Exercise data Start Marker
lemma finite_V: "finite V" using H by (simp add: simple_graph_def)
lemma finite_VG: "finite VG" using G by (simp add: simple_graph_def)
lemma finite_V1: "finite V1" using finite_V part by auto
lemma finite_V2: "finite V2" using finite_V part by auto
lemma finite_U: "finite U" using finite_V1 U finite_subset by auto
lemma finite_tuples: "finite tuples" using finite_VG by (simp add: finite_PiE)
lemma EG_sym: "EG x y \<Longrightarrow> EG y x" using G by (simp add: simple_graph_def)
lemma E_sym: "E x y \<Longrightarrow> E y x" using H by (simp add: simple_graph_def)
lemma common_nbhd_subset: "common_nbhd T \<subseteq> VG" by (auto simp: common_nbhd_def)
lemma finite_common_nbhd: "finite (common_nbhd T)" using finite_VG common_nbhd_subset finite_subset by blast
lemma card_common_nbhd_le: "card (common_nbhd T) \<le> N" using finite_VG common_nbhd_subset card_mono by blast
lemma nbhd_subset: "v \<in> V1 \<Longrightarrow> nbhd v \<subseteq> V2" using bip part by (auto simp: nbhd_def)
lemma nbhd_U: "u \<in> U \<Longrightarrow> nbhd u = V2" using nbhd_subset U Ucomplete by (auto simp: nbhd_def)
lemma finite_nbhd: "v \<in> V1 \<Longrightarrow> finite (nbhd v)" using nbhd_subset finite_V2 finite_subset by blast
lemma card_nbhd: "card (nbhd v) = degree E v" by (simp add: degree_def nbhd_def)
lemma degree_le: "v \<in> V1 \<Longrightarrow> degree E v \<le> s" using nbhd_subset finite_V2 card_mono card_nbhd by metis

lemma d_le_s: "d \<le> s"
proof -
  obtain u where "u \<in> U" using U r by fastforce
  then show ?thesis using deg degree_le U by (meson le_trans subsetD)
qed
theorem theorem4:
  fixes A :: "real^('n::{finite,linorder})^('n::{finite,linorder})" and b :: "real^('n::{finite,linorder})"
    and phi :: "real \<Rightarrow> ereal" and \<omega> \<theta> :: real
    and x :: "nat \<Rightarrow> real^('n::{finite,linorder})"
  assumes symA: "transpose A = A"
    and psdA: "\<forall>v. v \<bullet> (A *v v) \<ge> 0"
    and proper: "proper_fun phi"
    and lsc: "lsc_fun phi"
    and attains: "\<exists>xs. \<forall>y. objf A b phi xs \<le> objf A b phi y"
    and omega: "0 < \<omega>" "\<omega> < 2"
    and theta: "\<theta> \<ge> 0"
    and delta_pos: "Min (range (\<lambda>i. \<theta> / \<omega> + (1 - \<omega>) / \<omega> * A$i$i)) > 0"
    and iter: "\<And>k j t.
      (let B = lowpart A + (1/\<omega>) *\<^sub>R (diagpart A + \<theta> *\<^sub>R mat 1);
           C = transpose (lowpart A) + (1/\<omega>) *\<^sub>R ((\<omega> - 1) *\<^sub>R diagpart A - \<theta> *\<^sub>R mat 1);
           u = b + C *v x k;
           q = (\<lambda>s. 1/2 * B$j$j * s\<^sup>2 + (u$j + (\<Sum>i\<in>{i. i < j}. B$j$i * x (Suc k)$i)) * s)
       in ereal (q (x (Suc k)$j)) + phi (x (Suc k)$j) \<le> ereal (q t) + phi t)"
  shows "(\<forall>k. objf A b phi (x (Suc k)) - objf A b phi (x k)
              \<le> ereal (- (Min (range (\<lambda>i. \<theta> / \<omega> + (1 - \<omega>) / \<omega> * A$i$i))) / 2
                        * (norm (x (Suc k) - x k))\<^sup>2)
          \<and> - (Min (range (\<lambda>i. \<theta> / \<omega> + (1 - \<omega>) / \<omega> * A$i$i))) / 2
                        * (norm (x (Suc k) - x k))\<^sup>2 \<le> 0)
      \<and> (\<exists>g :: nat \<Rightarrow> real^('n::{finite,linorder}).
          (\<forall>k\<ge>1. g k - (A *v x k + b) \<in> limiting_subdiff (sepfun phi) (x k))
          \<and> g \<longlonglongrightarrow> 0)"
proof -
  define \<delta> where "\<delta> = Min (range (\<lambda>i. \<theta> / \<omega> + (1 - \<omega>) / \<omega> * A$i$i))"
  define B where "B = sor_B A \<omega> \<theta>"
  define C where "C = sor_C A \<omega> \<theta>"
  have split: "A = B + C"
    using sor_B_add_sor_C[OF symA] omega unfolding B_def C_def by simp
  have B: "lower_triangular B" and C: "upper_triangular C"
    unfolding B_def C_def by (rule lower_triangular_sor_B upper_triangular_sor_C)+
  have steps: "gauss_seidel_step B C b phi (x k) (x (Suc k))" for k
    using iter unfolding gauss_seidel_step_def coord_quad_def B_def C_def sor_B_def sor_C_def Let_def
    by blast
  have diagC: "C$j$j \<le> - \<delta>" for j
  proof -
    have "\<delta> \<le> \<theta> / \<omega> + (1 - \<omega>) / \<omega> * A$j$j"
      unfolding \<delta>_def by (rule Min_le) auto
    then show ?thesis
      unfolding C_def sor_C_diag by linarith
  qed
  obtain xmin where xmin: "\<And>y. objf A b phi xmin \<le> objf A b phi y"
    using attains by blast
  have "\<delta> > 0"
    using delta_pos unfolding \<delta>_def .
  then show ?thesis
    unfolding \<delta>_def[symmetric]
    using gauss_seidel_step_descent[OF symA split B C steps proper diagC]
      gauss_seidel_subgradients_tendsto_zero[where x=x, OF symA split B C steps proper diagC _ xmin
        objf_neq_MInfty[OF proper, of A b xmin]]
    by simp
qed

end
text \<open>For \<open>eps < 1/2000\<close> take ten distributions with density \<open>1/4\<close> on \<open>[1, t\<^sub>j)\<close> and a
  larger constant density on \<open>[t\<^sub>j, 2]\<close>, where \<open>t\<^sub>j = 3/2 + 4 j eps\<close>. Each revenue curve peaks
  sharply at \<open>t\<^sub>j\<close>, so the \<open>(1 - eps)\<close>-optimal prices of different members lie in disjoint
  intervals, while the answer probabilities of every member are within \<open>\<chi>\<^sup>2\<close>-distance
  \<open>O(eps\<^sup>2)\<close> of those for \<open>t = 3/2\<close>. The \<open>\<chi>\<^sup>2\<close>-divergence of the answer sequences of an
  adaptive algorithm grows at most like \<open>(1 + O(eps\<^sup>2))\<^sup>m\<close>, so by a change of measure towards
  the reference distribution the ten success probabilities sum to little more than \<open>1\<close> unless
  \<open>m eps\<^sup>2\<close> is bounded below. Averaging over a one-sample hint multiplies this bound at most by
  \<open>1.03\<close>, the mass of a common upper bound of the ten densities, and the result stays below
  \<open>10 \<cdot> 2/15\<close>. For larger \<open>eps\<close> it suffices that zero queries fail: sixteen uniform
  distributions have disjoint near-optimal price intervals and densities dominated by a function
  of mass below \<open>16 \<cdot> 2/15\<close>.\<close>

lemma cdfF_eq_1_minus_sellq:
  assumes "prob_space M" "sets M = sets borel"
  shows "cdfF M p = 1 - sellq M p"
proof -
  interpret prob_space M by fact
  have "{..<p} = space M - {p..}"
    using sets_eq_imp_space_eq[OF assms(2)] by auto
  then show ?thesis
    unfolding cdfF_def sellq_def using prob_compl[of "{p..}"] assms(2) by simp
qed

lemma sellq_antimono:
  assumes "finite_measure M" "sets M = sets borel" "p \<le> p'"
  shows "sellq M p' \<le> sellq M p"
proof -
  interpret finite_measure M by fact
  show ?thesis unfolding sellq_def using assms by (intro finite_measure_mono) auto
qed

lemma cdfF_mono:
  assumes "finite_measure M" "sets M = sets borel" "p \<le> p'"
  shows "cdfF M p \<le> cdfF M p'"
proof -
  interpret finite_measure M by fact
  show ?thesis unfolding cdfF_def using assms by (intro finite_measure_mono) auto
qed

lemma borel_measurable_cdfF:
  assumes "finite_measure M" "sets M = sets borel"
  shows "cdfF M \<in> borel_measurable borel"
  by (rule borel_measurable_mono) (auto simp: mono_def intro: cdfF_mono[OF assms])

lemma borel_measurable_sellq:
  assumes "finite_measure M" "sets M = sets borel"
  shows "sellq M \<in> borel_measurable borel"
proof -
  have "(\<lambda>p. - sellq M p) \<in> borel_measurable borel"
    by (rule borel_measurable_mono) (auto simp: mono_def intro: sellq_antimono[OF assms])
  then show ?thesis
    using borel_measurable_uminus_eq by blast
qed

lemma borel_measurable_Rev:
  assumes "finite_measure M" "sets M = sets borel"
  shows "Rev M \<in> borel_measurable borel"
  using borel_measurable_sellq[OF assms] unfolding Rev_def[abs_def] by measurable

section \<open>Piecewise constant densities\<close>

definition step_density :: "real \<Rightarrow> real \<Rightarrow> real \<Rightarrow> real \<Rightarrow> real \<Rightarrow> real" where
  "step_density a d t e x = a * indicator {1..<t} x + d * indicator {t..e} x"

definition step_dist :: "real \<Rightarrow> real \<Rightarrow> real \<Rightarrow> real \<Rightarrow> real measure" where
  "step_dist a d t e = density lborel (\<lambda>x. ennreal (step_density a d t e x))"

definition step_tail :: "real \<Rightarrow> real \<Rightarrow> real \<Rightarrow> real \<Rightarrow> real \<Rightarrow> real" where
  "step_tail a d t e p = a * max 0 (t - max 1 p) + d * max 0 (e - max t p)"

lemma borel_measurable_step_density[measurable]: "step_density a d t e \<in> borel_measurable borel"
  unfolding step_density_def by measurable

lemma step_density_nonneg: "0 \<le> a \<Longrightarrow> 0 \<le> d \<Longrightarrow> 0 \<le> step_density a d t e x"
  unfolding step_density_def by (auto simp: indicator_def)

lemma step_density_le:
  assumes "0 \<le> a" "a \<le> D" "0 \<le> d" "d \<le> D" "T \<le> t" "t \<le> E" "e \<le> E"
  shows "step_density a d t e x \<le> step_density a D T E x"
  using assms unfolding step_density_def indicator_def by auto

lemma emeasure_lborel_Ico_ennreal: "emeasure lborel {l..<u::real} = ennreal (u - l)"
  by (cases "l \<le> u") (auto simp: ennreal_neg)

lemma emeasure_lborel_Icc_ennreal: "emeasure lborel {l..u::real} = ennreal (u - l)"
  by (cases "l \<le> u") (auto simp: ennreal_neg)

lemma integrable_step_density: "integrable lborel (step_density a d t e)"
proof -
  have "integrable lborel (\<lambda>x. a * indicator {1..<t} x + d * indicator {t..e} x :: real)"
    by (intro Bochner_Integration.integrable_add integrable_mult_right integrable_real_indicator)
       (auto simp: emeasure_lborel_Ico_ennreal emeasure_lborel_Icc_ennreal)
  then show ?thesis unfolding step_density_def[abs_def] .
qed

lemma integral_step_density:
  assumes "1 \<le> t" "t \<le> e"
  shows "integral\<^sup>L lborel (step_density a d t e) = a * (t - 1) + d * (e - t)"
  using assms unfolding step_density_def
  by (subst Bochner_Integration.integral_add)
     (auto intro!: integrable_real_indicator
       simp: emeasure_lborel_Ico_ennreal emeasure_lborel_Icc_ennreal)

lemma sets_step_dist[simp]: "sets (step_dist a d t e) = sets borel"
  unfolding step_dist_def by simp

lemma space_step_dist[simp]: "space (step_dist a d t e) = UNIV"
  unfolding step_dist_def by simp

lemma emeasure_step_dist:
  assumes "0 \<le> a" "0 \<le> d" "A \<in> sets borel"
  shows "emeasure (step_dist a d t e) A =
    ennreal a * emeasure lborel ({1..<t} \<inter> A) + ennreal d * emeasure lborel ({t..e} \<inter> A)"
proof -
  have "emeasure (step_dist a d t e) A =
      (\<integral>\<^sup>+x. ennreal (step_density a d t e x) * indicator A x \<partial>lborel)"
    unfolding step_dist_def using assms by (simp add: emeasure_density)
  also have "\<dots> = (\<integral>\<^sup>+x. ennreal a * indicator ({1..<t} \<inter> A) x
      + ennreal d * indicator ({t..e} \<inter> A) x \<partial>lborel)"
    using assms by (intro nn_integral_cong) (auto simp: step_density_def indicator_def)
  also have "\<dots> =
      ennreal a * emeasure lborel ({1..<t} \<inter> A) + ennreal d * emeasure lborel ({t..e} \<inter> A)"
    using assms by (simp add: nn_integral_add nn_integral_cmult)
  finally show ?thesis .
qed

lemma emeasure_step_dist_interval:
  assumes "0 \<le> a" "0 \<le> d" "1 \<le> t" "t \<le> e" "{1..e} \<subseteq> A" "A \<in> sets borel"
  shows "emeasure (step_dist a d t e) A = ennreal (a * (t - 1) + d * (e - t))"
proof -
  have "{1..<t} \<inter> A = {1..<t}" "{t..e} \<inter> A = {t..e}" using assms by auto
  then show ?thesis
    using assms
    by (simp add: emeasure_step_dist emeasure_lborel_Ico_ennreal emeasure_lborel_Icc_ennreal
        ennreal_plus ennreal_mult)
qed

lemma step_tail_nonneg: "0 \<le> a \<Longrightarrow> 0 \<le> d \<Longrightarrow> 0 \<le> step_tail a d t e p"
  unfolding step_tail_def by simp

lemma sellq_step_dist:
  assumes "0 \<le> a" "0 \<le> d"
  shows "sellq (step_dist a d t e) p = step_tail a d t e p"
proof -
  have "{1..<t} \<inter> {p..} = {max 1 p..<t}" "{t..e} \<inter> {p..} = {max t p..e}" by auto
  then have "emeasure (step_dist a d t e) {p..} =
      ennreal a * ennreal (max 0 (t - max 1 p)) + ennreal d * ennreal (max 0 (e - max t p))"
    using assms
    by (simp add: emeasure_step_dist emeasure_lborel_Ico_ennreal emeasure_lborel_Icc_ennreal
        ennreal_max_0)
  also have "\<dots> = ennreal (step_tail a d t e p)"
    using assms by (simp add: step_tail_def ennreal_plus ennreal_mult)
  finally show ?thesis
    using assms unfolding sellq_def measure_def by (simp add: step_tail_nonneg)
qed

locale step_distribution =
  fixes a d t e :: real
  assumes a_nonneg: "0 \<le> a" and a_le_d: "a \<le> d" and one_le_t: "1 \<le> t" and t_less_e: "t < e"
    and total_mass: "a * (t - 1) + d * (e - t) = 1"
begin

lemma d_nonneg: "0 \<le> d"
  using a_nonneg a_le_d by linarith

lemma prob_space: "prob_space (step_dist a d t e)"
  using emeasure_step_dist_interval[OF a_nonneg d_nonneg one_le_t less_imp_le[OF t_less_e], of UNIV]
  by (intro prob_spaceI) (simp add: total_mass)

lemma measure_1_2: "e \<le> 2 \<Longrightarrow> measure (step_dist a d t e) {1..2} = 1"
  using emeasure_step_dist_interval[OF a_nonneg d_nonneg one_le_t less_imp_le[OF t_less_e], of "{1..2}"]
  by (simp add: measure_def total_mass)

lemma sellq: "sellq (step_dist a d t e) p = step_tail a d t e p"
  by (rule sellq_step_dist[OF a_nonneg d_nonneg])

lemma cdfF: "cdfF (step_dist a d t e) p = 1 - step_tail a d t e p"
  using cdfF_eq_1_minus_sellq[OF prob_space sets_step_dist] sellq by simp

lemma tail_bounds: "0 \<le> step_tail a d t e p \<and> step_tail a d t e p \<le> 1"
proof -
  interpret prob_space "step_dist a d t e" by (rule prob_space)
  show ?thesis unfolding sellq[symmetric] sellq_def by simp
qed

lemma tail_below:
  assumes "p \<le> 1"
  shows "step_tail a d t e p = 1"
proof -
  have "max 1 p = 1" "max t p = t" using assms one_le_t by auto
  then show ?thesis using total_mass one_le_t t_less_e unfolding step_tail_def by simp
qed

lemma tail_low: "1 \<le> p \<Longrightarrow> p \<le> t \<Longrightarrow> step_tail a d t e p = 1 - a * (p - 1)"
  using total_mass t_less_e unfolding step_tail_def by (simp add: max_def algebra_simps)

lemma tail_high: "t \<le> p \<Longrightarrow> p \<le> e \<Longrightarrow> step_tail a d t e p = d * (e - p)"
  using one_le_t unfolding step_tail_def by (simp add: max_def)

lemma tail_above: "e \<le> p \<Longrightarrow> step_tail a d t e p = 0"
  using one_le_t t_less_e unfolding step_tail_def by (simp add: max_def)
Exercise data End Marker
(Task description): Set down verbatim only the lines between the start of the data above and the line with "(auto simp: common_nbhd_def)", both boundaries included.

(Worked solution):
lemma finite_V: "finite V" using H by (simp add: simple_graph_def)
lemma finite_VG: "finite VG" using G by (simp add: simple_graph_def)
lemma finite_V1: "finite V1" using finite_V part by auto
lemma finite_V2: "finite V2" using finite_V part by auto
lemma finite_U: "finite U" using finite_V1 U finite_subset by auto
lemma finite_tuples: "finite tuples" using finite_VG by (simp add: finite_PiE)
lemma EG_sym: "EG x y \<Longrightarrow> EG y x" using G by (simp add: simple_graph_def)
lemma E_sym: "E x y \<Longrightarrow> E y x" using H by (simp add: simple_graph_def)
lemma common_nbhd_subset: "common_nbhd T \<subseteq> VG" by (auto simp: common_nbhd_def)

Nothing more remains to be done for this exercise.